B | BL <<cond>> expression

BLX expression
BLX Rm

MOV | MVN <<cond>> <<S>> Rd op2
CMN | CMP | TEQ | TST <<cond>> <<P>> Rn op2
ADC | ADD | AND | BIC | EOR | ORR | RSB | RSC | SBC | SUB <<cond>>
<<S>> Rd Rn op2

MRS <<cond>> Rd psr
MSR <<cond>> psr Rm
MSR <<cond>> psrf Rm
MSR <<cond>> psrf #expression

MUL <<cond>> <<S>> Rd Rm Rn
MLA <<cond>> <<S>> Rd Rm Rs Rn

UMULL | SMULL | UMLAL | SMLAL <<cond>> <<S>> RdLo RdHi Rm Rs

LDR | LDRB | LDRH | STR | STRB | STRH <<cond>> Rd address <<!>>

LDMFD | LDMED | LDMFA | LDMEA | LDMIA | LDMIB | LDMDA | LDMDB |
STMFD | STMED | STMFA | STMEA | STMIA | STMIB | STMDA | STMDB
<<cond>> Rn <<!>> Rlist <<^>>

SWP | SWPB <<cond>> Rd Rm [ Rn ]

SWI <<cond>> expression

CDP <<cond>> CP# operation CRd CRn CRm info

LDC | LDCL | STC | STCL <<cond>> CP# CRd address

MCR | MRC <<cond>> CP# operation Rd CRn CRm info

Two pseudo instructions MVL and ADR are also available. NOP is supported as a synonym for:

  MOV  R0, R0

No switches are accepted for NOP.

Parameter Explanation
<<cond>> Optional conditional execution code, i.e. .NE. See Control Structures.
<<S>> Optional suffix .S to set the processor status flags.
<<P>> Optional suffix .P to modify the PSR in 26-bit modes.
<<!>> Optional ! enables write-back of the base register in loads and stores.
<<^>> Optional ^ sets the status flags when loading the PC from memory with the LDMxx instructions. Can also be used to force loading and storing of user bank registers in non-user modes.
Rd, RdLo, RdHi, Rm, Rn, Rs Equates to a valid register number. See Register naming. Some instructions, notably the multiplication set, place restrictions on the combinations of registers allowed.
op2 Is either one of the operands produced by the ARM's barrel shifter or an immediate constant. See Shift operations and Immediate constants.
expression For the B and BL instructions this is a label name or an expression evaluating to a branch address. The address is converted to make it pc relative, allowing for the effects of pipelining on the program counter. For the SWI instruction it is the number of the SWI to be called.
#expression Evaluates to a 32-bit value. This has to be a valid Immediate constant.
address A valid address specification. See Addressing modes.
Rlist A list of registers enclosed by braces. See Register lists.
psr Is the CPSR or SPSR register names.
psrf Is the CPSR_flag or SPSR_flag register names. Only the N, Z, C and V flags are written into the status register. Use the forms _C _X _S _F to indicate which sections are to be restored.
CP# The unique number of the required coprocessor.
CRd, CRn, CRm Equates to a valid coprocessor register number. See "Register Naming" below.
operation Is evaluated to a constant.
info Is evaluated to a constant.

Register naming

There are fifteen general-purpose registers available in user mode, plus the program counter. These are named R0 through R15. R15 is the program counter. Coprocessor registers are named CR0 through CR15. The Current Program Status Register and Saved Program Status Register are named CPSR and SPSR respectively. If transferring just the status flags then CPSR_flg and SPSR_flg can be used. As of v6.2 the notation

  CPSR_flag

is superceded by

CPSR _c _x _s _f

where the valid field definers are:

  _C _X _S _F _CXSF _FSXC _ALL

Standard ARM names are also available. SP refers to R13 (commonly used as a stack pointer), LINK refers to R14 (the link register), and PC refers to R15 (the program counter).

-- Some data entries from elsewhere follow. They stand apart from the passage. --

(* Let $n\ge5$ be odd, $k=\frac{n-3}{2}$, and let $V$ be an $n$-element set with $V=\{v_1,\dots,v_{2k+1},s,t\}$. Define $a\colon V^+\times V^-\to\mathbb{Z}$ (where $V^\pm=\{v^\pm\colon v\in V\}$) by $a(u^+,u^-)=0$ for $u\in V$; $a(v_i^+,v_j^-)=\bigl|2k+1-2|i-j|\bigr|$ for $i\ne j$; $a(u^+,v^-)=k$ if exactly one of $u,v$ lies in $\{s,t\}$; and $a(s^+,t^-)=a(t^+,s^-)=1$. Let $\mu\in\mathbb{R}\setminus\{0\}$ and $\lambda\in\mathbb{R}^{V^+\cup V^-}$, and define $a^{\mu,\lambda}(u^+,v^-)=\mu\, a(u^+,v^-)+\lambda_{u^+}+\lambda_{v^-}$ for all $u,v\in V$. If all entries $a^{\mu,\lambda}(u^+,v^-)$ are integers, then (1) $\max_{u,v\in V}|a^{\mu,\lambda}(u^+,v^-)|\ge\frac{n-4}{2}$, and (2) the number of distinct values among $\{a^{\mu,\lambda}(u^+,v^-)\colon u,v\in V\}$ is at least $\sqrt{\frac{n-1}{2}}$.
   Context: The function $a$ is the coefficient vector (indexed by the edges $\{u^+,v^-\}$ of the complete bipartite graph on $V^+\cup V^-$) of the canonical transformation of the constraint for the dominant of the odd cycle polytope of $K_n$ induced by the cycle $(v_1,\dots,v_{2k+1})$; the vectors $a^{\mu,\lambda}$ are exactly the coefficient vectors obtained from it by scaling with $\mu$ and adding linear combinations of the degree equations $y(\delta(w))=1$. *)

theory Defs
  imports "HOL-Analysis.Analysis"
begin

datatype vtx = Cyc nat | S | T

definition Vset :: "nat \<Rightarrow> vtx set" where
  "Vset k = (Cyc ` {1..2*k+1}) \<union> {S, T}"

fun acoef :: "nat \<Rightarrow> vtx \<Rightarrow> vtx \<Rightarrow> int" where
  "acoef k (Cyc i) (Cyc j) =
     (if i = j then 0 else \<bar>2 * int k + 1 - 2 * \<bar>int i - int j\<bar>\<bar>)"
| "acoef k S S = 0"
| "acoef k T T = 0"
| "acoef k S T = 1"
| "acoef k T S = 1"
| "acoef k (Cyc i) S = int k"
| "acoef k (Cyc i) T = int k"
| "acoef k S (Cyc j) = int k"
| "acoef k T (Cyc j) = int k"

text \<open>a^{\<mu>,\<lambda>}(u^+, v^-) = \<mu> a(u^+,v^-) + \<lambda>_{u^+} + \<lambda>_{v^-};
  \<lambda> on V^+ \<union> V^- is given by the pair (lp, lm).\<close>
definition amulam :: "nat \<Rightarrow> real \<Rightarrow> (vtx \<Rightarrow> real) \<Rightarrow> (vtx \<Rightarrow> real) \<Rightarrow> vtx \<Rightarrow> vtx \<Rightarrow> real" where
  "amulam k \<mu> lp lm u v = \<mu> * of_int (acoef k u v) + lp u + lm v"

end

theory Submission
  imports Defs
begin

text \<open>Two-by-two cross differences of the entries of a^{\<mu>,\<lambda>} do not see \<lambda>, so
  they equal \<mu> times the corresponding cross difference of a. The cross difference
  of a at (s,t),(v_1,s) is 1, which makes \<mu> an integer, hence |\<mu>| \<ge> 1; the one at
  (v_1,v_2),(v_2,v_1) is 4k - 2, so one of the four entries involved has absolute
  value at least (2k - 1)/2. Row differences of a^{\<mu>,\<lambda>} only shift by a constant,
  and the rows v_1 and s of a differ by the k + 1 distinct values k, k - 1, k - 3, ...,
  1 - k on the columns s, v_2, ..., v_{k+1}; so the set of values of a^{\<mu>,\<lambda>} has at
  least k + 1 differences and therefore at least sqrt (k + 1) elements.\<close>

lemma amulam_cross_difference:
  "amulam k \<mu> lp lm x y + amulam k \<mu> lp lm x' y' - amulam k \<mu> lp lm x y' - amulam k \<mu> lp lm x' y
   = \<mu> * of_int (acoef k x y + acoef k x' y' - acoef k x y' - acoef k x' y)"
  by (simp add: amulam_def algebra_simps)

lemma amulam_row_difference:
  "amulam k \<mu> lp lm x w - amulam k \<mu> lp lm x' w = \<mu> * of_int (acoef k x w - acoef k x' w) + (lp x - lp x')"
  by (simp add: amulam_def algebra_simps)

lemma S_in_Vset: "S \<in> Vset k"
  and T_in_Vset: "T \<in> Vset k"
  and Cyc_in_Vset: "1 \<le> j \<Longrightarrow> j \<le> 2 * k + 1 \<Longrightarrow> Cyc j \<in> Vset k"
  by (auto simp: Vset_def)

lemma finite_Vset: "finite (Vset k)"
  by (simp add: Vset_def)

lemma abs_mu_ge_1:
  assumes "\<mu> \<noteq> 0" and "\<forall>u\<in>Vset k. \<forall>v\<in>Vset k. amulam k \<mu> lp lm u v \<in> \<int>"
  shows "1 \<le> \<bar>\<mu>\<bar>"
proof -
  have "\<mu> = amulam k \<mu> lp lm S T + amulam k \<mu> lp lm (Cyc 1) S
            - amulam k \<mu> lp lm S S - amulam k \<mu> lp lm (Cyc 1) T"
    by (simp add: amulam_cross_difference)
  also have "\<dots> \<in> \<int>"
    using assms(2) S_in_Vset T_in_Vset Cyc_in_Vset[of 1 k] by (intro Ints_add Ints_diff) auto
  finally show ?thesis
    using assms(1) by (rule Ints_nonzero_abs_ge1)
qed

lemma Max_abs_ge_cross_difference:
  fixes f :: "'a \<Rightarrow> 'b :: linordered_field"
  assumes "finite P" and "{p, q, r, s} \<subseteq> P"
  shows "\<bar>f p + f q - f r - f s\<bar> / 4 \<le> (MAX x\<in>P. \<bar>f x\<bar>)"
proof -
  let ?M = "MAX x\<in>P. \<bar>f x\<bar>"
  have le_Max: "\<bar>f x\<bar> \<le> ?M" if "x \<in> {p, q, r, s}" for x
    using assms that by (intro Max_ge) auto
  have "\<bar>f p + f q - f r - f s\<bar> \<le> \<bar>f p\<bar> + \<bar>f q\<bar> + \<bar>f r\<bar> + \<bar>f s\<bar>"
    using abs_triangle_ineq4[of "f p + f q - f r" "f s"] abs_triangle_ineq4[of "f p + f q" "f r"]
      abs_triangle_ineq[of "f p" "f q"]
    by linarith
  also have "\<dots> \<le> 4 * ?M"
    using le_Max[of p] le_Max[of q] le_Max[of r] le_Max[of s] by simp
  finally show ?thesis
    by simp
qed

lemma Max_abs_amulam_ge:
  assumes "1 \<le> k" and "\<mu> \<noteq> 0" and "\<forall>u\<in>Vset k. \<forall>v\<in>Vset k. amulam k \<mu> lp lm u v \<in> \<int>"
  shows "(2 * real k - 1) / 2 \<le> (MAX p \<in> Vset k \<times> Vset k. \<bar>amulam k \<mu> lp lm (fst p) (snd p)\<bar>)"
proof -
  let ?b = "\<lambda>p. amulam k \<mu> lp lm (fst p) (snd p)"
  have "\<bar>?b (Cyc 1, Cyc 2) + ?b (Cyc 2, Cyc 1) - ?b (Cyc 1, Cyc 1) - ?b (Cyc 2, Cyc 2)\<bar>
        = \<bar>\<mu>\<bar> * (4 * real k - 2)"
    using assms(1) by (simp add: amulam_cross_difference abs_mult)
  also have "\<dots> \<ge> 4 * real k - 2"
    using abs_mu_ge_1[OF assms(2,3)] assms(1) by (simp add: mult_right_mono)
  finally have "(2 * real k - 1) / 2
      \<le> \<bar>?b (Cyc 1, Cyc 2) + ?b (Cyc 2, Cyc 1) - ?b (Cyc 1, Cyc 1) - ?b (Cyc 2, Cyc 2)\<bar> / 4"
    by simp
  also have "\<dots> \<le> (MAX p \<in> Vset k \<times> Vset k. \<bar>?b p\<bar>)"
    using assms(1) Cyc_in_Vset[of 1 k] Cyc_in_Vset[of 2 k]
    by (intro Max_abs_ge_cross_difference) (auto simp: finite_Vset)
  finally show ?thesis .
qed

lemma inj_on_acoef_row_difference:
  "inj_on (\<lambda>w. acoef k (Cyc 1) w - acoef k S w) (insert S (Cyc ` {2..k+1}))"
  by (auto simp: inj_on_def)

lemma card_le_square_if_subset_differences:
  fixes D :: "'a :: ab_group_add set"
  assumes "finite D" and "A \<subseteq> {x - y | x y. x \<in> D \<and> y \<in> D}"
  shows "card A \<le> card D ^ 2"
proof -
  have "A \<subseteq> (\<lambda>(x, y). x - y) ` (D \<times> D)"
    using assms(2) by auto
  hence "card A \<le> card ((\<lambda>(x, y). x - y) ` (D \<times> D))"
    using assms(1) by (intro card_mono) auto
  also have "\<dots> \<le> card (D \<times> D)"
    using assms(1) by (intro card_image_le) auto
  finally show ?thesis
    by (simp add: card_cartesian_product power2_eq_square)
qed

lemma card_amulam_values_ge:
  assumes "\<mu> \<noteq> 0"
  shows "sqrt (real k + 1) \<le> real (card {amulam k \<mu> lp lm u v | u v. u \<in> Vset k \<and> v \<in> Vset k})"
proof -
  define D where "D = {amulam k \<mu> lp lm u v | u v. u \<in> Vset k \<and> v \<in> Vset k}"
  define W where "W = insert S (Cyc ` {2..k+1})"
  let ?d = "\<lambda>w. amulam k \<mu> lp lm (Cyc 1) w - amulam k \<mu> lp lm S w"
  have "inj_on ?d W"
    using inj_on_acoef_row_difference[of k] assms
    by (simp add: amulam_row_difference inj_on_def W_def)
  have "card W = k + 1"
    unfolding W_def by (subst card_insert_disjoint) (auto simp: card_image inj_on_def)
  hence "k + 1 = card (?d ` W)"
    using \<open>inj_on ?d W\<close> by (simp add: card_image)
  also have "\<dots> \<le> card D ^ 2"
  proof (rule card_le_square_if_subset_differences)
    show "finite D"
      unfolding D_def by (intro finite_image_set2) (simp_all add: finite_Vset)
    show "?d ` W \<subseteq> {x - y | x y. x \<in> D \<and> y \<in> D}"
      using S_in_Vset Cyc_in_Vset
      by (fastforce simp: D_def W_def)
  qed
  finally show ?thesis
    unfolding D_def by (intro real_le_lsqrt) (simp_all flip: of_nat_power)
qed

theorem lemma14:
  fixes n k :: nat and \<mu> :: real and lp lm :: "vtx \<Rightarrow> real"
  assumes "n \<ge> 5" and "odd n" and "k = (n - 3) div 2"
    and "\<mu> \<noteq> 0"
    and "\<forall>u\<in>Vset k. \<forall>v\<in>Vset k. amulam k \<mu> lp lm u v \<in> \<int>"
  shows "(MAX p \<in> Vset k \<times> Vset k. \<bar>amulam k \<mu> lp lm (fst p) (snd p)\<bar>) \<ge> (real n - 4) / 2
         \<and> real (card {amulam k \<mu> lp lm u v | u v. u \<in> Vset k \<and> v \<in> Vset k})
           \<ge> sqrt ((real n - 1) / 2)"
proof -
  have n: "n = 2 * k + 3" and "1 \<le> k"
    using assms(1-3) by presburger+
  have bounds: "(real n - 4) / 2 = (2 * real k - 1) / 2" "(real n - 1) / 2 = real k + 1"
    using n by simp_all
  show ?thesis
    unfolding bounds
    using Max_abs_amulam_ge[OF \<open>1 \<le> k\<close> assms(4,5)] card_amulam_values_ge[OF assms(4)]
    by blast
qed

end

Forth register names can be used in place of the standard register names. These are TOS, LP, UP, RSP and PSP. As mentioned earlier these can be assigned to different ARM registers.

All register names can be used with or without a trailing comma. This makes for code that is more readable to the seasoned ARM programmer. Character case is not important.

Immediate constants

Rather then specify the name of a register whose contents are to be used in an operation, it is possible with many instructions to specify a numeric value which is encoded with the opcode mnemonic at assembly time.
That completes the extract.